The Indian High Court of Karnataka dismissed Twitter’s petition against the Central government’s blocking orders on Friday and imposed a ₹5 million rupees fine on the microblogging platform. The judgement comes almost a year after Twitter filed a petition in July of last year and was delivered by the single-judge bench of Justice Dixit.
Twitter filed the petition challenging the blocking order issued by the Federal Ministry of Electronics and Information Technology under § 69A of the Information Technology Act, in which the Ministry set out several consequences of non-compliance with a series of blocking orders. These included initiating criminal proceedings against the company’s Chief Compliance Officer and removing Twitter’s “safe harbour” immunity, a protection statutorily afforded to all online intermediaries operating in the country under § 79(1) of the Information Technology Act.

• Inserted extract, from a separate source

(* In an execution of Algorithm A1 (described in the context) with $n>3t$ and a weak common coin, if at the start of some round $r$ all non-faulty processes have the same estimate $\mathit{est}=v\in\{0,1\}$, then every non-faulty process decides $v$ in round $r$ (if it has not already decided), and no non-faulty process ever decides a value different from $v$ in any later round.
   Context: System model: $n$ asynchronous sequential processes $p_1,\dots,p_n$, of which at most $t$ are Byzantine (behave arbitrarily, may collude); the others are non-faulty. Processes communicate over reliable asynchronous point-to-point channels between every pair: messages between non-faulty processes are eventually delivered, unaltered, not duplicated, and the receiver knows the identity of the sender; there is no bound on delays and the adversary controls delivery order. "Broadcast $m$" means sending $m$ to every process (including oneself). When counting messages "received from $k$ distinct processes", at most one message per sender is counted. BV-Broadcast with tag $T$ and input $v$ at process $p_i$: set $\mathit{bin}_i\leftarrow\emptyset$; broadcast $\mathrm{BVAL}(T,v)$; return (a reference to) $\mathit{bin}_i$, which may keep growing afterwards. In the background, for every value $x$: when $\mathrm{BVAL}(T,x)$ has been received from $t+1$ distinct processes and $p_i$ has not yet broadcast $\mathrm{BVAL}(T,x)$, $p_i$ broadcasts $\mathrm{BVAL}(T,x)$; when $\mathrm{BVAL}(T,x)$ has been received from $2t+1$ distinct processes, $p_i$ adds $x$ to $\mathit{bin}_i$. SBV-Broadcast with tag $T$ and input $v$ at $p_i$: $\mathit{bin}_i\leftarrow$ BV-Broadcast with tag $T$ and input $v$; wait until $\mathit{bin}_i\neq\emptyset$; broadcast $\mathrm{AUX}(T,w)$ for some $w\in\mathit{bin}_i$; wait until there are $n-t$ distinct processes $p_j$ from which a message $\mathrm{AUX}(T,w_j)$ has been received with $w_j\in \mathit{bin}_i$ (the current value of the growing set); let $\mathit{view}_i$ be the set of these values $w_j$; return $(\mathit{view}_i,\mathit{bin}_i)$ ($\mathit{view}_i$ is fixed upon return, $\mathit{bin}_i$ may still grow). Weak common coin with parameter $d\ge 2$: for each round $r$, a call $\mathsf{random}()$ in round $r$ returns a bit to each non-faulty caller; with probability $1/d$ all non-faulty processes get $0$, with probability $1/d$ all get $1$, and with probability $(d-2)/d$ they may get different values. The round-$r$ output is random and unpredictable, and is not revealed to anyone before at least one non-faulty process has called $\mathsf{random}()$ in round $r$. Algorithm A1 (binary consensus), at non-faulty $p_i$ proposing $v_i\in\{0,1\}$: set $\mathit{est}\leftarrow v_i$, $r\leftarrow 0$. Repeat forever: (1) $r\leftarrow r+1$. (2) $(\mathit{view}_0,\mathit{bin})\leftarrow$ SBV-Broadcast with tag $(r,0)$ and input $\mathit{est}$. (3) Broadcast $\mathrm{AUXSET}(r,\mathit{view}_0)$. (4) Wait until there are $n-t$ distinct processes $p_j$ from which a message $\mathrm{AUXSET}(r,S_j)$ has been received with $S_j\subseteq\mathit{bin}$ (current value), and let $\mathit{view}_1=\bigcup_j S_j$. (5) If $\mathit{view}_1=\{w\}$ then $\mathit{est}\leftarrow w$, else $\mathit{est}\leftarrow\bot$. (6) $(\mathit{view}_2,\_)\leftarrow$ SBV-Broadcast with tag $(r,1)$ and input $\mathit{est}\in\{0,1,\bot\}$. (7) $s\leftarrow\mathsf{random}()$. (8) If $\mathit{view}_2=\{v\}$ with $v\neq\bot$: $\mathit{est}\leftarrow v$ and decide $v$ if not yet decided; if $\mathit{view}_2=\{v,\bot\}$ with $v\in\{0,1\}$: $\mathit{est}\leftarrow v$; if $\mathit{view}_2=\{\bot\}$: $\mathit{est}\leftarrow s$. *)

theory Defs
  imports Main
begin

§ 69A of the Information Technology Act permits the Central government the authority to issue information blocking orders to online intermediaries on the grounds of “sovereignty and integrity of India, defence of India, security of the State, friendly relations with foreign States or public order or for preventing incitement to the commission of any cognizable offence relating to above.”
Twitter contended in its petition that information blocking orders were both “procedurally and substantially deficient of the provision” and “demonstrate excessive use of powers and are disproportionate.” The primary contention was that the Ministry failed to provide the grounds for the blocking to be conducted, nor reasons in support of them which are in contravention of S. 69A as well as the previous jurisprudence of the Supreme Court in Shreya Singhal v. Union of India. Further, they submitted that blocking orders violates free speech under Article 19 of the Constitution and demonstrates an excessive, disproportionate and arbitrary use of powers. Also argued by the petitioners was that blocking the entire handle of the user instead of individual tweets would be disproportionate and affect the platform’s business.
The court rejected Twitter’s arguments that the Ministry was bound to provide reasons to the users of the accounts, stating:
I am of the considered opinion that notice to users of account in terms of Rule 8(1) of the Website Blocking Rules is not mandatory and that in any event, the absence of such notice does not avail to the intermediary as a ground for assailing the Blocking Orders.
The court also rejected the disproportionality argument, accepting the Central government’s argument that differentiating the innocuous tweets and offending tweets would be both “impracticable” and “not serving the statutory purpose,” relying on the jurisprudence laid down in Anuradha Bhasin v. Union of India. The court refused to lay down guidelines for the Centre to exercise its powers under Section 69A, terming it “judicially unassessable” by relying on the doctrine of separation of powers. The bench refused Twitter’s request to stay the operation of the order and declared the petition as “devoid of merits,” and dismissed it.
This development is the latest in a series of legal conflicts between the popular social media platform and the Ministry of Electronics and Information Technology over Twitter’s alleged non-compliance with several online information blocking orders and comes weeks after Twitter’s ex-CEO claimed that India threatened to shut down the platform in the country and raid the homes of employees, a statement that Indian Deputy Minister for Information Technology Rajeev Chandrashekhar has called a “lie.”